SUPPLIED MATERIAL:
########################################
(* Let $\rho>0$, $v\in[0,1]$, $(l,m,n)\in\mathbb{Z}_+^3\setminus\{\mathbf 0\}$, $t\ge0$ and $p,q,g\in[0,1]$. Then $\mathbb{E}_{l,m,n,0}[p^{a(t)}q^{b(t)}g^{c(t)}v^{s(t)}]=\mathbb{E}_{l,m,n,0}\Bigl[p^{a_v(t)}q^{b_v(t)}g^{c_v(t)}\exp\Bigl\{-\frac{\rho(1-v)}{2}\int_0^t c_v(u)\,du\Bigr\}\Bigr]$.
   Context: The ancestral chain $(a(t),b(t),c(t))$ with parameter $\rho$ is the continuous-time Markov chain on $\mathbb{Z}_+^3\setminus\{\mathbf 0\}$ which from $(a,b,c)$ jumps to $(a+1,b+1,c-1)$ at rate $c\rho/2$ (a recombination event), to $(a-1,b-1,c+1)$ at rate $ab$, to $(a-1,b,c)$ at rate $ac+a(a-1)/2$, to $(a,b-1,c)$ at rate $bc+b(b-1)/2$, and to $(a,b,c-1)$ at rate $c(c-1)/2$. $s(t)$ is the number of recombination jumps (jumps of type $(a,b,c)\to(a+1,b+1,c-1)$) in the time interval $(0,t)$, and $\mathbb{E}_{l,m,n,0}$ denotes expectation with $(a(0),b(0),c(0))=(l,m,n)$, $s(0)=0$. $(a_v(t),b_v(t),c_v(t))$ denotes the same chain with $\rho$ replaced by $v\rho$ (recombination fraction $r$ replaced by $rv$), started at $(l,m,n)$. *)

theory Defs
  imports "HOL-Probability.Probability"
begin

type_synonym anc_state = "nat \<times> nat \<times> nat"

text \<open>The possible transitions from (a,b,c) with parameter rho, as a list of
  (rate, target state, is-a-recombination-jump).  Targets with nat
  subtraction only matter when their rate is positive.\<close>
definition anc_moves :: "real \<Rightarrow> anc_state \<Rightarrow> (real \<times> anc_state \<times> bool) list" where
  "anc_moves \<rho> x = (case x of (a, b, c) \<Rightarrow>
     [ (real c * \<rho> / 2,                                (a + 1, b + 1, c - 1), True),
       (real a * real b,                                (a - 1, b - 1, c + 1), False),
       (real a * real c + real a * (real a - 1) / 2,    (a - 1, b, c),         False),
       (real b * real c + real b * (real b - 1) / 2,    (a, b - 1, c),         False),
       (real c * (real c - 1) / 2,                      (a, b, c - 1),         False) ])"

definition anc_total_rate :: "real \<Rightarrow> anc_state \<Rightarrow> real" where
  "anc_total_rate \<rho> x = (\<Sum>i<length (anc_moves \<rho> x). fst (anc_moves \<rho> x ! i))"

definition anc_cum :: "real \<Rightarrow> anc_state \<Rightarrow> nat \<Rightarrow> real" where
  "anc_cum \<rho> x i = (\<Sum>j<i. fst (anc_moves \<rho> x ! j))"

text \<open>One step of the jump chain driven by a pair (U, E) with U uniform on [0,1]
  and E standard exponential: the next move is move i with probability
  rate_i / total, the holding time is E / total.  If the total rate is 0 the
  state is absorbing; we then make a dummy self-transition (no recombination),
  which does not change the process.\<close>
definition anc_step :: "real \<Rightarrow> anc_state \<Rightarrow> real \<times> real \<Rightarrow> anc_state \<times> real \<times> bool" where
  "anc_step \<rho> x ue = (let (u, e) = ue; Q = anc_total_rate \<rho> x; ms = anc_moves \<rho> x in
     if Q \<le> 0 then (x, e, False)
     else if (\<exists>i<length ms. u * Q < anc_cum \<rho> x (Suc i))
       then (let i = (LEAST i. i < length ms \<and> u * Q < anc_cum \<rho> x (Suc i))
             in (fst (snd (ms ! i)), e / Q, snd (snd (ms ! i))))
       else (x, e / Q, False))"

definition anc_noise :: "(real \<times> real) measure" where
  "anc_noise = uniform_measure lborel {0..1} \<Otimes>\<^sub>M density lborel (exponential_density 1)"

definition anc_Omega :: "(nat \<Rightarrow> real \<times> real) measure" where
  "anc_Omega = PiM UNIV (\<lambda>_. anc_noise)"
########################################
WORK REQUIRED:
From the entries above, extract only the lines running from the one containing "rate_i / total, the" through the one containing "which does not change the process.\<close>", inclusive.

OUTPUT FOR THIS TASK:
  rate_i / total, the holding time is E / total.  If the total rate is 0 the
  state is absorbing; we then make a dummy self-transition (no recombination),
  which does not change the process.\<close>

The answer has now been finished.